Saved entries

******

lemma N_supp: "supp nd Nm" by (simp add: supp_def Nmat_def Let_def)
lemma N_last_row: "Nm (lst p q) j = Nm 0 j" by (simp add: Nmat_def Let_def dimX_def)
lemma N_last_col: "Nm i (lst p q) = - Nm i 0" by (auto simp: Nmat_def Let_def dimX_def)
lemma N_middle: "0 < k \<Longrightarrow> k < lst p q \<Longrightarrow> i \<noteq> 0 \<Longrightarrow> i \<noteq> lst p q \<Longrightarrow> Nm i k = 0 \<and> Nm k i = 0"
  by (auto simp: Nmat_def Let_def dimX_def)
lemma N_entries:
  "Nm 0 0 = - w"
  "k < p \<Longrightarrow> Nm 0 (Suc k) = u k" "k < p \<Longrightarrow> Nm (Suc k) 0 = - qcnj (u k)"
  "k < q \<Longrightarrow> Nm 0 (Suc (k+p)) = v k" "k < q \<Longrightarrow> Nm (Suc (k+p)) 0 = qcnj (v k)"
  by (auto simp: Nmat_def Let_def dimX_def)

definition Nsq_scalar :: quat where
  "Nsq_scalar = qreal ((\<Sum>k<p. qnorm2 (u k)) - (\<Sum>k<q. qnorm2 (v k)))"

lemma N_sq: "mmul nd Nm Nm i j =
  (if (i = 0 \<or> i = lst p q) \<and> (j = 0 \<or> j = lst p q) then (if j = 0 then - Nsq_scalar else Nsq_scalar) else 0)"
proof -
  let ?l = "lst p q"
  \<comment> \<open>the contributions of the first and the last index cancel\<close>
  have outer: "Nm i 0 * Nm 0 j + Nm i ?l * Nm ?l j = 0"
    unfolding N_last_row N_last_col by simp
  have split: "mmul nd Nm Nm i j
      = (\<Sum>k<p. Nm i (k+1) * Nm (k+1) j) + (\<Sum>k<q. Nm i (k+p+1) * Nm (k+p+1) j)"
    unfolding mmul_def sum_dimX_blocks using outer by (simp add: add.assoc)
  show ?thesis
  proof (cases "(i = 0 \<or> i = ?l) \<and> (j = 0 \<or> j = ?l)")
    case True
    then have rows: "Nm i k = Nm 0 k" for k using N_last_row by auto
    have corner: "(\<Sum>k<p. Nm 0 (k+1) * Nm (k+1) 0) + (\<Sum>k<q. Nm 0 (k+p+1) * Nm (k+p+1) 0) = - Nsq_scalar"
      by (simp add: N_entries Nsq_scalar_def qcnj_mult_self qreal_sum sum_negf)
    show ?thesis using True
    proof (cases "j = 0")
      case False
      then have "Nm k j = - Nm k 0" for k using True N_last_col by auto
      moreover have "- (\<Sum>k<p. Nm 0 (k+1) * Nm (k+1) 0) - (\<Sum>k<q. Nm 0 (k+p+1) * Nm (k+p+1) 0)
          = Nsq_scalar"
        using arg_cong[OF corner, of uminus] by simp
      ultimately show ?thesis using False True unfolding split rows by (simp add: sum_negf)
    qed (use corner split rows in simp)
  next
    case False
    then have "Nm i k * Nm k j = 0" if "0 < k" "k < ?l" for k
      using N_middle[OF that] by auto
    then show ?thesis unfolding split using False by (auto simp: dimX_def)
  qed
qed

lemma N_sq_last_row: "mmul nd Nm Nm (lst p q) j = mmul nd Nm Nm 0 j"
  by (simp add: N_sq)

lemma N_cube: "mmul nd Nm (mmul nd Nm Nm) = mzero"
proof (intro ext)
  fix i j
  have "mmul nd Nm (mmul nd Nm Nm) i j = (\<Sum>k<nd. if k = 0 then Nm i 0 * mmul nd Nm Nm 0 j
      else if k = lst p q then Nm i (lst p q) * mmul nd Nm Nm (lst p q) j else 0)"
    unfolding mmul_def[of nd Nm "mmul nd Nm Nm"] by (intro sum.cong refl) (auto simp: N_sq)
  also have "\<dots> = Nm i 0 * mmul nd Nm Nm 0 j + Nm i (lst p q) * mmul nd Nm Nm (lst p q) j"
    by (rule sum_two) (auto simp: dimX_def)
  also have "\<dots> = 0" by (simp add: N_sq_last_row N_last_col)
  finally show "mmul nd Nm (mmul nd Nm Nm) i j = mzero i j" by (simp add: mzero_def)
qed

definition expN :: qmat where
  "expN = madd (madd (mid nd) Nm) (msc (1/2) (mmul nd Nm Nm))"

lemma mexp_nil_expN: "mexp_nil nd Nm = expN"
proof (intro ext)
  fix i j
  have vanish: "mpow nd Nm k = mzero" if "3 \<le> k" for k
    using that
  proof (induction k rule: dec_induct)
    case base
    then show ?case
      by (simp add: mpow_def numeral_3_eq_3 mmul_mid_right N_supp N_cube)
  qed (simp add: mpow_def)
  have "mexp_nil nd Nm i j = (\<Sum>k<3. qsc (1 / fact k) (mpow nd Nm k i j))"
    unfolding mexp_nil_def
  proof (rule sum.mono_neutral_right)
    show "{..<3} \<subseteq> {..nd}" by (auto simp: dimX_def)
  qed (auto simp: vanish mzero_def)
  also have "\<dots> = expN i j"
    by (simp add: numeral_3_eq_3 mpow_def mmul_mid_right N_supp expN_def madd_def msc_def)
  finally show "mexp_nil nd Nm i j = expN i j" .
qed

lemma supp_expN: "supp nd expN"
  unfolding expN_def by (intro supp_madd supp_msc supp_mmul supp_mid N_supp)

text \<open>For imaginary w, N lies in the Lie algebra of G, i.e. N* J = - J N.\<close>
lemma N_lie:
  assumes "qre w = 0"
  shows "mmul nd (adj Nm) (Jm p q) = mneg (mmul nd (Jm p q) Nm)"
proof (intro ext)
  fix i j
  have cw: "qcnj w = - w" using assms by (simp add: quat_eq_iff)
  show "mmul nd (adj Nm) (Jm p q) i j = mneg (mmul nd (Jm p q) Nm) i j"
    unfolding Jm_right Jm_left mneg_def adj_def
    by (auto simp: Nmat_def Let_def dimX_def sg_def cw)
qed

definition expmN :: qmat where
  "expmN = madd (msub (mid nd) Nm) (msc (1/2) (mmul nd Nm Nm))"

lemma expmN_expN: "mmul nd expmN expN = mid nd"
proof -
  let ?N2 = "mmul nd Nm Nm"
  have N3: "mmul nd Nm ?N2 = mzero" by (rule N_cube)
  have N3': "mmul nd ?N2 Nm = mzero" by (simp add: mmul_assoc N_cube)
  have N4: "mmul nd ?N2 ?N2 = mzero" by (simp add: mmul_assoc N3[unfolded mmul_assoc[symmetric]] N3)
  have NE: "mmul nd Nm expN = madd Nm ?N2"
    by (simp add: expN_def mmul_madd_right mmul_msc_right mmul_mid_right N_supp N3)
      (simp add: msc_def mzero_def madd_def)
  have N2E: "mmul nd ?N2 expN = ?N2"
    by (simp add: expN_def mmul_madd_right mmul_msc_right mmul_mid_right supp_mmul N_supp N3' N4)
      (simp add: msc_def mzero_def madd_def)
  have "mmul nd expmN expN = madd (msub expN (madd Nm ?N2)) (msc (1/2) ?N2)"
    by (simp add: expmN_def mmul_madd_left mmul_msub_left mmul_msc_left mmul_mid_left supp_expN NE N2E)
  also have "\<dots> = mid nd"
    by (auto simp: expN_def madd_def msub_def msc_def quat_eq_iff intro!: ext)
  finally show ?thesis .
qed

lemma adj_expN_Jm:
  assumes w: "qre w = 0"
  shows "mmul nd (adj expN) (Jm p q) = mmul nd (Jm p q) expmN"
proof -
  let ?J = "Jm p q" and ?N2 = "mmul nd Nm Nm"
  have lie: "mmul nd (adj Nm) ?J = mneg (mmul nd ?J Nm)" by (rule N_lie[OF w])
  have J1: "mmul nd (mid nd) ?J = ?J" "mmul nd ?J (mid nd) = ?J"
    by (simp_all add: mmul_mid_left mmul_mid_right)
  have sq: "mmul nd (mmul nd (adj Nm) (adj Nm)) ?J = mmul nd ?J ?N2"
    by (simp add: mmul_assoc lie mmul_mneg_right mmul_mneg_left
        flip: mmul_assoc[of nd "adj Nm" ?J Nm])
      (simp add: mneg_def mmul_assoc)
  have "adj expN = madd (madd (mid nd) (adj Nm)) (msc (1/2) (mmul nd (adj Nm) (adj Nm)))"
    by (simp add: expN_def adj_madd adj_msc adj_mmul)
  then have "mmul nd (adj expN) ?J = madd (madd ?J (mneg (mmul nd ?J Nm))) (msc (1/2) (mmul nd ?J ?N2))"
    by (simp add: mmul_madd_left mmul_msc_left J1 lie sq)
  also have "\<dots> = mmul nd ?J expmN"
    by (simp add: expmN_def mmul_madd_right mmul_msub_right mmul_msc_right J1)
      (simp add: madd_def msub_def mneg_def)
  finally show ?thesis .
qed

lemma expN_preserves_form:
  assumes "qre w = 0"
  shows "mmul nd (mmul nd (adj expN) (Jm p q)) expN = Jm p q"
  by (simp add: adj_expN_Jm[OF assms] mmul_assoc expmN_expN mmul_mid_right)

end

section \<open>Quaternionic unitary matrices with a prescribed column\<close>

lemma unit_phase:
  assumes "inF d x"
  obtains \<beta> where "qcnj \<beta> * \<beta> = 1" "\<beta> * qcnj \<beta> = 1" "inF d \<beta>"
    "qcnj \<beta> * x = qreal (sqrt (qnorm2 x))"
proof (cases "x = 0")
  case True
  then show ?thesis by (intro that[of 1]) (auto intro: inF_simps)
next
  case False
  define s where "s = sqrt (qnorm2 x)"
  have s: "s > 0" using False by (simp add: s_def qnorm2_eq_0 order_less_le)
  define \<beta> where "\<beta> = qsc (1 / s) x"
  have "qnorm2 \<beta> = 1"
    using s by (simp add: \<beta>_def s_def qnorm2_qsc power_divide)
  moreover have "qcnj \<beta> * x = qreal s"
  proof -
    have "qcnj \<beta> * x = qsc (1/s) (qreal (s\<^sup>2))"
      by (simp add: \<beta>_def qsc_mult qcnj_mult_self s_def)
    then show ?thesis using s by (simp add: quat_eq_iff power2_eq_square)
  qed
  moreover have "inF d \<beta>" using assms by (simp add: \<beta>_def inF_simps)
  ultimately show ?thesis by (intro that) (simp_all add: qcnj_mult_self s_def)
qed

******

Of the records above, copy each line that includes "rows".

    then have rows: "Nm i k = Nm 0 k" for k using N_last_row by auto
      ultimately show ?thesis using False True unfolding split rows by (simp add: sum_negf)
    qed (use corner split rows in simp)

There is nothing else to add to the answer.